**WHAT NEEDS TO BE DONE**. Out of the records below, copy all lines in which the word "powr" occurs.

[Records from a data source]

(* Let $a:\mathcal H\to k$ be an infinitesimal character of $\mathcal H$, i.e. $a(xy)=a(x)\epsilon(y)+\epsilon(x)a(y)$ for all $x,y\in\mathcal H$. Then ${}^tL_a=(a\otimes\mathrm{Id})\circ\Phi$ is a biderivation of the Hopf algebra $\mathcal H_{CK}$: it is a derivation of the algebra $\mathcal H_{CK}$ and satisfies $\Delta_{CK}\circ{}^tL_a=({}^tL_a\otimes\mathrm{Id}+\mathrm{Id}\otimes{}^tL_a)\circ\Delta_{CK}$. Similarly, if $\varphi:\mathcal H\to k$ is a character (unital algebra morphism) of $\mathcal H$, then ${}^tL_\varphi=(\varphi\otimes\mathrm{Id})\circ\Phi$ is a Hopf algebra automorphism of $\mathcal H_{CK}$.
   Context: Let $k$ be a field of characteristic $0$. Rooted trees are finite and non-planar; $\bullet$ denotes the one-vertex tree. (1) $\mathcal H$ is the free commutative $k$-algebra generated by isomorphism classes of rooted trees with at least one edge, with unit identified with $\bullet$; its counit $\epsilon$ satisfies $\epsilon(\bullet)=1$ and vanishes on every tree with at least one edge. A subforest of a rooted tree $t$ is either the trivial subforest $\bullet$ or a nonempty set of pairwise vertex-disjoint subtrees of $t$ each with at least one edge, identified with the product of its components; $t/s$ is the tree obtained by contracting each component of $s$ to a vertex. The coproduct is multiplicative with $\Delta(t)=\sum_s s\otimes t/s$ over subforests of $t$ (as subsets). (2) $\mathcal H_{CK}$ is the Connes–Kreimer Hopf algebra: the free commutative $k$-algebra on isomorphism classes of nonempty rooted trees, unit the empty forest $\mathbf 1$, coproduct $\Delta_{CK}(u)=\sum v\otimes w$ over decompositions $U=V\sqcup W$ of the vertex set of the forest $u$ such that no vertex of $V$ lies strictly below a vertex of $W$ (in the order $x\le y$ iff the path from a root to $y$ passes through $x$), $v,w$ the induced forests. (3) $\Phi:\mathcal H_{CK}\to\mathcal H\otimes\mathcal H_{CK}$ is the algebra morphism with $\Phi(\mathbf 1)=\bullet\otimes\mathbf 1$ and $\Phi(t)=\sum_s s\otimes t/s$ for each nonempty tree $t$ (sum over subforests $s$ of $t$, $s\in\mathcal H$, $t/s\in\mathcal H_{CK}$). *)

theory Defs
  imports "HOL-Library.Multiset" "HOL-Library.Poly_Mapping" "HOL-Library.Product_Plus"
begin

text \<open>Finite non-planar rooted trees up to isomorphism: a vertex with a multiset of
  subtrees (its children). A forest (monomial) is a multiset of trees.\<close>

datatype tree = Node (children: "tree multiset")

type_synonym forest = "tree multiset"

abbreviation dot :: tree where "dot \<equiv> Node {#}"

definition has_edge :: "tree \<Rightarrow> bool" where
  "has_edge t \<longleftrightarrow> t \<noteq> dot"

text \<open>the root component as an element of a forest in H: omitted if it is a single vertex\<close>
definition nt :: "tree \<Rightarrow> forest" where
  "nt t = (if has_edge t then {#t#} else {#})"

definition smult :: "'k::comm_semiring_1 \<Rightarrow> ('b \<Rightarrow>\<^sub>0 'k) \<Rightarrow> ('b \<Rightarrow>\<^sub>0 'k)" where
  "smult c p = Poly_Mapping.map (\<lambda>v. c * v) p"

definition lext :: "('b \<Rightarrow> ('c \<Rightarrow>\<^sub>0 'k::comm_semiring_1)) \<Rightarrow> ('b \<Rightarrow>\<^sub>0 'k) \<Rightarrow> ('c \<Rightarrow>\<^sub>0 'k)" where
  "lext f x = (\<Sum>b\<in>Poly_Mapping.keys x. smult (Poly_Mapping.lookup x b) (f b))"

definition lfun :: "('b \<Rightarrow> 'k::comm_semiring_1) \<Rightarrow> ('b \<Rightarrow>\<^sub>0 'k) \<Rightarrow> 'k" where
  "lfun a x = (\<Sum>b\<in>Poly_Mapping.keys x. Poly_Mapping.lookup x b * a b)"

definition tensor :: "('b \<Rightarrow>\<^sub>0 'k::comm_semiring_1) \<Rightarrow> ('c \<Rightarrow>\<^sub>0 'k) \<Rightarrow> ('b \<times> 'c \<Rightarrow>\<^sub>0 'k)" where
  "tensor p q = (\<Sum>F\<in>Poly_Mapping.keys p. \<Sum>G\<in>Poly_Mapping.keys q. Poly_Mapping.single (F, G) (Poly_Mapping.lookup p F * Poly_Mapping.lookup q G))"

---

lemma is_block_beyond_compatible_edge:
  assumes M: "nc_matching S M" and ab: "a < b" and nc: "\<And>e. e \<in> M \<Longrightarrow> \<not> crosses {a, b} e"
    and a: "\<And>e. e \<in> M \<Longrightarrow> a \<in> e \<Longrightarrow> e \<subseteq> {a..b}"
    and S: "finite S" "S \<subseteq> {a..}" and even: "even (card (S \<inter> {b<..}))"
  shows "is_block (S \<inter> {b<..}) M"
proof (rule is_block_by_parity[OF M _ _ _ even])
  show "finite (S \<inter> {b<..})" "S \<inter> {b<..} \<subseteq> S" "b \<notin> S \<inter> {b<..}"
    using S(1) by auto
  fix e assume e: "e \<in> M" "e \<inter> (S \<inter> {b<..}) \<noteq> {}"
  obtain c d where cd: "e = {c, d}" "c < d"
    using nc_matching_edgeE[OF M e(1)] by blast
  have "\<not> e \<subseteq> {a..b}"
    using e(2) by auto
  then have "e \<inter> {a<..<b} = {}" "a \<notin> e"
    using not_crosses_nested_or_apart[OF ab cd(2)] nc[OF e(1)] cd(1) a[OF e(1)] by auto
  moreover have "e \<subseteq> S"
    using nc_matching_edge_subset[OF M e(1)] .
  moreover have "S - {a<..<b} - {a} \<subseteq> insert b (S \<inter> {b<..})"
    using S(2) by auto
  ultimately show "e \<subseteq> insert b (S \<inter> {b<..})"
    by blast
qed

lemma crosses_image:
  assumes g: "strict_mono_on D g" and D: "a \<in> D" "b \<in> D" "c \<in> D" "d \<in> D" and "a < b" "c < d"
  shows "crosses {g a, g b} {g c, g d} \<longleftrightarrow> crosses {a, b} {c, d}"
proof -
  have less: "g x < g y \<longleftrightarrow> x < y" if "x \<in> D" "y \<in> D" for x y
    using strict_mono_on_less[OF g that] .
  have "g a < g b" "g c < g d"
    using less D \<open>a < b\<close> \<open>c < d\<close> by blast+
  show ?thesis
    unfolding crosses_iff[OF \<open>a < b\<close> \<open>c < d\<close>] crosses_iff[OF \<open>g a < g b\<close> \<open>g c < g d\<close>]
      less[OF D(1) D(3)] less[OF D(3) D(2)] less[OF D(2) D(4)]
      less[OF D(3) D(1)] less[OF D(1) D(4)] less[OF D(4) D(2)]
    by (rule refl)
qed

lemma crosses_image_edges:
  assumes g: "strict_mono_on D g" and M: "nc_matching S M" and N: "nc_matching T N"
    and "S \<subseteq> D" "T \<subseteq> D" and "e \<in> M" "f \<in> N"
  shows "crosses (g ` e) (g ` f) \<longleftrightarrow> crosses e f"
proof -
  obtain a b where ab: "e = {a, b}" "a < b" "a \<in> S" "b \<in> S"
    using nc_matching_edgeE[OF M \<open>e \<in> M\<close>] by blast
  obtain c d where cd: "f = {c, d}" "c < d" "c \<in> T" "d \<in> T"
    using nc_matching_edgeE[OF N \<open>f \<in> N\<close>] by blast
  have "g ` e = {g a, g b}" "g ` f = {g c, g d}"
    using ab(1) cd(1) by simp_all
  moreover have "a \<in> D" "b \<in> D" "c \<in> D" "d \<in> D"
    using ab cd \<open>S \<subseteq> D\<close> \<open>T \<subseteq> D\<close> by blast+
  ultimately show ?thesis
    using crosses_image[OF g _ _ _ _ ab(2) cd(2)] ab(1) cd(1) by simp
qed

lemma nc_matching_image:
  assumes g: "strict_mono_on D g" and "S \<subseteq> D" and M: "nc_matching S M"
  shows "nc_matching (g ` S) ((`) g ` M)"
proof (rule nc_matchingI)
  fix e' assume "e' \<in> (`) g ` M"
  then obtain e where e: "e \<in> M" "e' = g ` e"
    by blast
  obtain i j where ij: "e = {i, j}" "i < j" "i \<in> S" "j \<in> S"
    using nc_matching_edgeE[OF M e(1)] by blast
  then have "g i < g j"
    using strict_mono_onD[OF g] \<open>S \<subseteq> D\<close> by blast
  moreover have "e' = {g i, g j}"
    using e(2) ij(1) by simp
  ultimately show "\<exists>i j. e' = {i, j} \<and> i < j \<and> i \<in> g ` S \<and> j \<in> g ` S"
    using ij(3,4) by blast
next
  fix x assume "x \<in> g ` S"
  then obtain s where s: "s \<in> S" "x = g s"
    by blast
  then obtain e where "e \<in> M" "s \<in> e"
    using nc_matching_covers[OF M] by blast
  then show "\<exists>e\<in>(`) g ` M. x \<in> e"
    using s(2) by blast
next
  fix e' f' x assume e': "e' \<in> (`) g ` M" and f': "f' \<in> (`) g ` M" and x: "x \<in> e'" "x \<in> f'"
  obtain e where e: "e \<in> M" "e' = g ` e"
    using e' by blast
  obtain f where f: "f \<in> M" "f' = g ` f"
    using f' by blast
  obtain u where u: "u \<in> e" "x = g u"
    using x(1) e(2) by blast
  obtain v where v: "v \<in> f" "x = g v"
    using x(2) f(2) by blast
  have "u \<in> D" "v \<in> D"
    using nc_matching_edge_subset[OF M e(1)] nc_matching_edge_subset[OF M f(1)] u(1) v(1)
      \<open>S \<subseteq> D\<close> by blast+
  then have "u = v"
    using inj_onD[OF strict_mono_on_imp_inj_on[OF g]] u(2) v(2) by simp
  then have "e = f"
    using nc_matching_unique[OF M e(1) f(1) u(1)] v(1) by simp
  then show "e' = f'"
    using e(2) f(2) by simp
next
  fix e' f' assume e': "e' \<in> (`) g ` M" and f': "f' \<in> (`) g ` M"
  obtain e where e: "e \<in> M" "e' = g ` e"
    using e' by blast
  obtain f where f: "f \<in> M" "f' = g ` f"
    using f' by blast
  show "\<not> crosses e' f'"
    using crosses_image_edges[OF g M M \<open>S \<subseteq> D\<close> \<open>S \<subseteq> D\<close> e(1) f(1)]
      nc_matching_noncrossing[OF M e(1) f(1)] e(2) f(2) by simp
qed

--

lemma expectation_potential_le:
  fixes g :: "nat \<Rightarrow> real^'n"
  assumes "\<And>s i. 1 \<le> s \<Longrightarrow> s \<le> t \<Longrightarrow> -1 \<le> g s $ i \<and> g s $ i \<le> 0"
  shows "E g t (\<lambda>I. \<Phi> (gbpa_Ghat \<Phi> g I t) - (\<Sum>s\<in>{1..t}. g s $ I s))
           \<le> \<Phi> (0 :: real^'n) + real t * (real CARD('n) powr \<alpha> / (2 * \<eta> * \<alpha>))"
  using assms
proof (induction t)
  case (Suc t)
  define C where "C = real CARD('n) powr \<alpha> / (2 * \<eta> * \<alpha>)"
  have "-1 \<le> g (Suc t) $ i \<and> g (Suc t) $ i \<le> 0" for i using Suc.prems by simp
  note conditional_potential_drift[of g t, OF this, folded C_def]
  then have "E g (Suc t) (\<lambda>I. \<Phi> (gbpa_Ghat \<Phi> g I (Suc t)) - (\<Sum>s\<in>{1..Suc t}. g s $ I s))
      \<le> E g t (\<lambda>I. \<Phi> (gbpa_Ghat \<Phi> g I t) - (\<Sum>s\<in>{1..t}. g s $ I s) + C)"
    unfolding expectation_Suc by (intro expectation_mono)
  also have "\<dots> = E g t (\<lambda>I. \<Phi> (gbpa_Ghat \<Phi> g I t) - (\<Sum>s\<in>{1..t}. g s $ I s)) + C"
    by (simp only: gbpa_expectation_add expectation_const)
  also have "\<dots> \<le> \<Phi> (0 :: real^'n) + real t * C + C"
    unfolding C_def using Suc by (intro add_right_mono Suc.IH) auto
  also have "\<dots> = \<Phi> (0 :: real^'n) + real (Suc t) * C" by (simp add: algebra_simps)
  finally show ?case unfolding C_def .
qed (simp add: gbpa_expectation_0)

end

**OUTPUT BELOW**.
           \<le> \<Phi> (0 :: real^'n) + real t * (real CARD('n) powr \<alpha> / (2 * \<eta> * \<alpha>))"
  define C where "C = real CARD('n) powr \<alpha> / (2 * \<eta> * \<alpha>)"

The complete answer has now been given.